Your goal: Two lines mark the range in the entries below: the one holding "(join_cycles_E m n) x. ?w" and the one holding "fixes m n :: nat". Set down those two and all lines between them, exactly.

[[ Data for processing open ]]

lemma SRDF_weight_join_cycles:
  "SRDF_weight (join_cycles_V m n) f = (\<Sum>i<m. f (Inl i)) + (\<Sum>j<n. f (Inr j))"
  by (simp add: SRDF_weight_def join_cycles_V_eq sum.Plus)

lemma sum_closed_nbhd_join_cycles_Inl:
  assumes "3 \<le> m" "i < m"
  shows "(\<Sum>y\<in>closed_nbhd (join_cycles_V m n) (join_cycles_E m n) (Inl i). f y)
    = cycle_nbhd_sum m (f \<circ> Inl) i + (\<Sum>j<n. f (Inr j))"
proof -
  have "finite (closed_nbhd (cycle_V m) (cycle_E m) i)"
    by (simp add: closed_nbhd_def cycle_V_eq)
  then show ?thesis
    using sum_closed_nbhd_cycle[OF assms, of "f \<circ> Inl"]
    by (simp add: closed_nbhd_join_Inl sum.Plus cycle_V_eq)
qed

lemma sum_closed_nbhd_join_cycles_Inr:
  assumes "3 \<le> n" "j < n"
  shows "(\<Sum>y\<in>closed_nbhd (join_cycles_V m n) (join_cycles_E m n) (Inr j). f y)
    = (\<Sum>i<m. f (Inl i)) + cycle_nbhd_sum n (f \<circ> Inr) j"
proof -
  have "finite (closed_nbhd (cycle_V n) (cycle_E n) j)"
    by (simp add: closed_nbhd_def cycle_V_eq)
  then show ?thesis
    using sum_closed_nbhd_cycle[OF assms, of "f \<circ> Inr"]
    by (simp add: closed_nbhd_join_Inr sum.Plus cycle_V_eq)
qed

lemma SRDF_weight_join_cycles_ge_3:
  assumes "7 \<le> m" "7 \<le> n" "n mod 3 \<noteq> 2"
    and f: "is_SRDF (join_cycles_V m n) (join_cycles_E m n) f"
  shows "3 \<le> SRDF_weight (join_cycles_V m n) f"
proof -
  define A where "A = (\<Sum>i<m. f (Inl i))"
  define B where "B = (\<Sum>j<n. f (Inr j))"
  have dom: "1 \<le> (\<Sum>y\<in>closed_nbhd (join_cycles_V m n) (join_cycles_E m n) x. f y)"
    if "x \<in> join_cycles_V m n" for x
    using f that unfolding is_SRDF_def by blast
  have dom_l: "1 \<le> cycle_nbhd_sum m (f \<circ> Inl) i + B" if "i < m" for i
    using dom[of "Inl i"] that assms sum_closed_nbhd_join_cycles_Inl[of m i, where n = n and f = f]
    by (auto simp: B_def join_cycles_V_eq)
  have dom_r: "1 \<le> A + cycle_nbhd_sum n (f \<circ> Inr) j" if "j < n" for j
    using dom[of "Inr j"] that assms sum_closed_nbhd_join_cycles_Inr[of n j, where m = m and f = f]
    by (auto simp: A_def join_cycles_V_eq)
  have count_l: "int m \<le> 3 * A + int m * B"
  proof -
    have "(\<Sum>i<m. 1) \<le> (\<Sum>i<m. cycle_nbhd_sum m (f \<circ> Inl) i + B)"
      using dom_l by (intro sum_mono) auto
    then show ?thesis using assms by (simp add: sum.distrib sum_cycle_nbhd_sum A_def)
  qed
  have count_r: "int n \<le> 3 * B + int n * A"
  proof -
    have "(\<Sum>j<n. 1) \<le> (\<Sum>j<n. A + cycle_nbhd_sum n (f \<circ> Inr) j)"
      using dom_r by (intro sum_mono) auto
    then show ?thesis using assms by (simp add: sum.distrib sum_cycle_nbhd_sum B_def)
  qed
  have not_both_1: "\<not> (A = 1 \<and> B = 1)"
  proof
    assume "A = 1 \<and> B = 1"
    moreover have "\<forall>j<n. f (Inr j) \<in> {-1, 1, 2}"
      using f unfolding is_SRDF_def join_cycles_V_eq by auto
    ultimately have "n mod 3 = 2"
      using dom_r assms by (intro cycle_weight_one_imp_mod3[of n "f \<circ> Inr"]) (auto simp: B_def)
    with assms show False by simp
  qed
  have "3 \<le> A + B"
  proof (cases "B \<le> 0 \<or> A \<le> 0")
    case True
    have "int m * B \<le> 3 * B" if "B \<le> 0" using that assms by (simp add: mult_right_mono_neg)
    moreover have "int n * A \<le> 3 * A" if "A \<le> 0" using that assms by (simp add: mult_right_mono_neg)
    ultimately show ?thesis using True count_l count_r assms by linarith
  next
    case False
    then show ?thesis using not_both_1 by auto
  qed
  then show ?thesis by (simp add: SRDF_weight_join_cycles A_def B_def)
qed

definition period3_label :: "nat \<Rightarrow> nat \<Rightarrow> int" where
  "period3_label r i = (if i mod 3 = r then 2 else -1)"

definition raised_period3_label :: "nat \<Rightarrow> nat \<Rightarrow> int" where
  "raised_period3_label n = (period3_label 0)(n - 1 := max 1 (period3_label 0 (n - 1)))"

lemma period3_label_consecutive:
  "r < 3 \<Longrightarrow> period3_label r j + period3_label r (Suc j) + period3_label r (Suc (Suc j)) = 0"
  by (auto simp: period3_label_def mod_Suc)

lemma sum_period3_label: "r < 3 \<Longrightarrow> (\<Sum>i<3 * q. period3_label r i) = 0"
proof (induction q)
  case (Suc q)
  have "(\<Sum>i<3 * Suc q. period3_label r i) = (\<Sum>i<Suc (Suc (Suc (3 * q))). period3_label r i)"
    by (simp add: numeral_3_eq_3)
  with Suc period3_label_consecutive[of r "3 * q"] show ?case by simp
qed simp

lemma cycle_nbhd_sum_period3_label_interior:
  assumes "r < 3" "0 < i" "Suc i < n"
  shows "cycle_nbhd_sum n (period3_label r) i = 0"
  using assms period3_label_consecutive[of r "i - 1"]
  by (simp add: cycle_nbhd_sum_def cycle_pred_def cycle_succ_def)

lemma cycle_nbhd_sum_mono: "(\<And>k. g k \<le> h k) \<Longrightarrow> cycle_nbhd_sum n g i \<le> cycle_nbhd_sum n h i"
  unfolding cycle_nbhd_sum_def by (simp add: add_mono)

lemma period3_label_le_raised: "period3_label 0 j \<le> raised_period3_label n j"
  by (simp add: raised_period3_label_def)

lemma period3_label_ge: "-1 \<le> period3_label r j"
  by (simp add: period3_label_def)

lemma sum_period3_label_1:
  assumes "m mod 3 = 2"
  shows "(\<Sum>i<m. period3_label 1 i) = 1"
proof -
  define q where "q = m div 3"
  have "m = Suc (Suc (3 * q))" using assms div_mult_mod_eq[of m 3] unfolding q_def by linarith
  then show ?thesis using sum_period3_label[of 1 q] by (simp add: period3_label_def)
qed

lemma sum_raised_period3_label:
  assumes "n mod 3 \<noteq> 2" "0 < n"
  shows "(\<Sum>j<n. raised_period3_label n j) = 2"
proof -
  have init: "(\<Sum>j<3 * q. raised_period3_label n j) = 0" if "3 * q \<le> n - 1" for q
  proof -
    have "(\<Sum>j<3 * q. raised_period3_label n j) = (\<Sum>j<3 * q. period3_label 0 j)"
      using that by (intro sum.cong) (auto simp: raised_period3_label_def)
    then show ?thesis using sum_period3_label[of 0 q] by simp
  qed
  have "n mod 3 < 3" by simp
  then consider "n mod 3 = 1" | "n mod 3 = 0" using assms by linarith
  then show ?thesis
  proof cases
    case 1
    define q where "q = n div 3"
    have n: "n = Suc (3 * q)" using 1 div_mult_mod_eq[of n 3] unfolding q_def by linarith
    show ?thesis using init[of q] by (simp add: n raised_period3_label_def period3_label_def)
  next
    case 2
    define q where "q = n div 3 - 1"
    have n: "n = Suc (Suc (Suc (3 * q)))"
      using 2 \<open>0 < n\<close> div_mult_mod_eq[of n 3] unfolding q_def by linarith
    show ?thesis using init[of q] by (simp add: n raised_period3_label_def period3_label_def mod_Suc)
  qed
qed


lemma cycle_nbhd_sum_period3_label_1_nonneg:
  assumes "m mod 3 = 2" "i < m"
  shows "0 \<le> cycle_nbhd_sum m (period3_label 1) i"
proof -
  consider "i = 0" | "Suc i = m" | "0 < i" "Suc i < m" using assms by linarith
  then show ?thesis
  proof cases
    case 1
    have "period3_label 1 (Suc 0) = 2" by (simp add: period3_label_def)
    then show ?thesis using 1 assms period3_label_ge[of 1 "m - 1"] period3_label_ge[of 1 0]
      by (simp add: cycle_nbhd_sum_def cycle_pred_def cycle_succ_def)
  next
    case 2
    then have "i mod 3 = 1" using assms mod_Suc[of i 3] by (auto split: if_splits)
    then have "period3_label 1 i = 2" by (simp add: period3_label_def)
    then show ?thesis using 2 period3_label_ge[of 1 "i - 1"] period3_label_ge[of 1 0]
      by (simp add: cycle_nbhd_sum_def cycle_pred_def cycle_succ_def)
  next
    case 3
    then show ?thesis by (simp add: cycle_nbhd_sum_period3_label_interior)
  qed
qed


lemma cycle_nbhd_sum_raised_period3_label_nonneg:
  assumes "3 \<le> n" "i < n"
  shows "0 \<le> cycle_nbhd_sum n (raised_period3_label n) i"
proof -
  have ge: "-1 \<le> raised_period3_label n j" for j
    using period3_label_ge[of 0 j] period3_label_le_raised[of j n] by linarith
  have two: "raised_period3_label n 0 = 2"
    by (simp add: raised_period3_label_def period3_label_def)
  consider "i = 0" | "Suc i = n" | "0 < i" "Suc i < n" using assms by linarith
  then show ?thesis
  proof cases
    case 1
    then show ?thesis using ge[of "n - 1"] ge[of 1] two
      by (simp add: cycle_nbhd_sum_def cycle_pred_def cycle_succ_def)
  next
    case 2
    then show ?thesis using ge[of i] ge[of "i - 1"] two
      by (simp add: cycle_nbhd_sum_def cycle_pred_def cycle_succ_def)
  next
    case 3
    then have "cycle_nbhd_sum n (period3_label 0) i = 0"
      by (simp add: cycle_nbhd_sum_period3_label_interior)
    moreover have "cycle_nbhd_sum n (period3_label 0) i \<le> cycle_nbhd_sum n (raised_period3_label n) i"
      by (intro cycle_nbhd_sum_mono period3_label_le_raised)
    ultimately show ?thesis by simp
  qed
qed

definition join_cycles_witness :: "nat \<Rightarrow> nat + nat \<Rightarrow> int" where
  "join_cycles_witness n = case_sum (period3_label 1) (raised_period3_label n)"

lemma SRDF_weight_join_cycles_witness:
  assumes "m mod 3 = 2" "n mod 3 \<noteq> 2" "0 < n"
  shows "SRDF_weight (join_cycles_V m n) (join_cycles_witness n) = 3"
  using sum_period3_label_1[OF assms(1)] sum_raised_period3_label[OF assms(2,3)]
  by (simp add: SRDF_weight_join_cycles join_cycles_witness_def)

lemma is_SRDF_join_cycles_witness:
  assumes "3 \<le> m" "3 \<le> n" "m mod 3 = 2" "n mod 3 \<noteq> 2"
  shows "is_SRDF (join_cycles_V m n) (join_cycles_E m n) (join_cycles_witness n)"
  unfolding is_SRDF_def
proof (intro conjI ballI impI)
  let ?w = "join_cycles_witness n"
  fix x assume x: "x \<in> join_cycles_V m n"
  show "?w x \<in> {-1, 1, 2}"
    by (cases x) (auto simp: join_cycles_witness_def raised_period3_label_def period3_label_def)
  show "1 \<le> (\<Sum>y\<in>closed_nbhd (join_cycles_V m n) (join_cycles_E m n) x. ?w y)"
    using x
  proof (cases x)
    case (Inl i)
    then have "i < m" using x by (auto simp: join_cycles_V_eq)
    then show ?thesis
      using Inl assms sum_closed_nbhd_join_cycles_Inl[of m i, where n = n and f = ?w]
        cycle_nbhd_sum_period3_label_1_nonneg[of m i] sum_raised_period3_label[of n]
      by (simp add: join_cycles_witness_def comp_def)
  next
    case (Inr j)
    then have "j < n" using x by (auto simp: join_cycles_V_eq)
    then show ?thesis
      using Inr assms sum_closed_nbhd_join_cycles_Inr[of n j, where m = m and f = ?w]
        cycle_nbhd_sum_raised_period3_label_nonneg[of n j] sum_period3_label_1[of m]
      by (simp add: join_cycles_witness_def comp_def)
  qed
  show "\<exists>y\<in>join_cycles_V m n. join_cycles_E m n x y \<and> ?w y = 2"
  proof (cases x)
    case (Inl i)
    have "?w (Inr 0) = 2"
      by (simp add: join_cycles_witness_def raised_period3_label_def period3_label_def)
    then show ?thesis using Inl assms by (auto simp: join_cycles_V_eq intro!: bexI[of _ "Inr 0"])
  next
    case (Inr j)
    have "?w (Inl 1) = 2" by (simp add: join_cycles_witness_def period3_label_def)
    then show ?thesis using Inr assms by (auto simp: join_cycles_V_eq intro!: bexI[of _ "Inl 1"])
  qed
qed

theorem mainTheorem10:
  fixes m n :: nat
  assumes "m \<ge> 13" and "n \<ge> 13" and "m mod 3 = 2" and "n mod 3 \<noteq> 2"
  shows "gamma_sR (join_V (cycle_V m) (cycle_V n)) (join_E (cycle_E m) (cycle_E n)) = 3"
proof (rule gamma_sR_eqI)
  show "finite (join_cycles_V m n)" by (simp add: join_cycles_V_eq)
  show "is_SRDF (join_cycles_V m n) (join_cycles_E m n) (join_cycles_witness n)"
    using assms by (intro is_SRDF_join_cycles_witness) auto
  show "SRDF_weight (join_cycles_V m n) (join_cycles_witness n) = 3"
    using assms by (intro SRDF_weight_join_cycles_witness) auto
  show "3 \<le> SRDF_weight (join_cycles_V m n) g"
    if "is_SRDF (join_cycles_V m n) (join_cycles_E m n) g" for g
    using assms that by (intro SRDF_weight_join_cycles_ge_3) auto
qed

end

[[ Data for processing closed ]]

Response:
  show "1 \<le> (\<Sum>y\<in>closed_nbhd (join_cycles_V m n) (join_cycles_E m n) x. ?w y)"
    using x
  proof (cases x)
    case (Inl i)
    then have "i < m" using x by (auto simp: join_cycles_V_eq)
    then show ?thesis
      using Inl assms sum_closed_nbhd_join_cycles_Inl[of m i, where n = n and f = ?w]
        cycle_nbhd_sum_period3_label_1_nonneg[of m i] sum_raised_period3_label[of n]
      by (simp add: join_cycles_witness_def comp_def)
  next
    case (Inr j)
    then have "j < n" using x by (auto simp: join_cycles_V_eq)
    then show ?thesis
      using Inr assms sum_closed_nbhd_join_cycles_Inr[of n j, where m = m and f = ?w]
        cycle_nbhd_sum_raised_period3_label_nonneg[of n j] sum_period3_label_1[of m]
      by (simp add: join_cycles_witness_def comp_def)
  qed
  show "\<exists>y\<in>join_cycles_V m n. join_cycles_E m n x y \<and> ?w y = 2"
  proof (cases x)
    case (Inl i)
    have "?w (Inr 0) = 2"
      by (simp add: join_cycles_witness_def raised_period3_label_def period3_label_def)
    then show ?thesis using Inl assms by (auto simp: join_cycles_V_eq intro!: bexI[of _ "Inr 0"])
  next
    case (Inr j)
    have "?w (Inl 1) = 2" by (simp add: join_cycles_witness_def period3_label_def)
    then show ?thesis using Inr assms by (auto simp: join_cycles_V_eq intro!: bexI[of _ "Inl 1"])
  qed
qed

theorem mainTheorem10:
  fixes m n :: nat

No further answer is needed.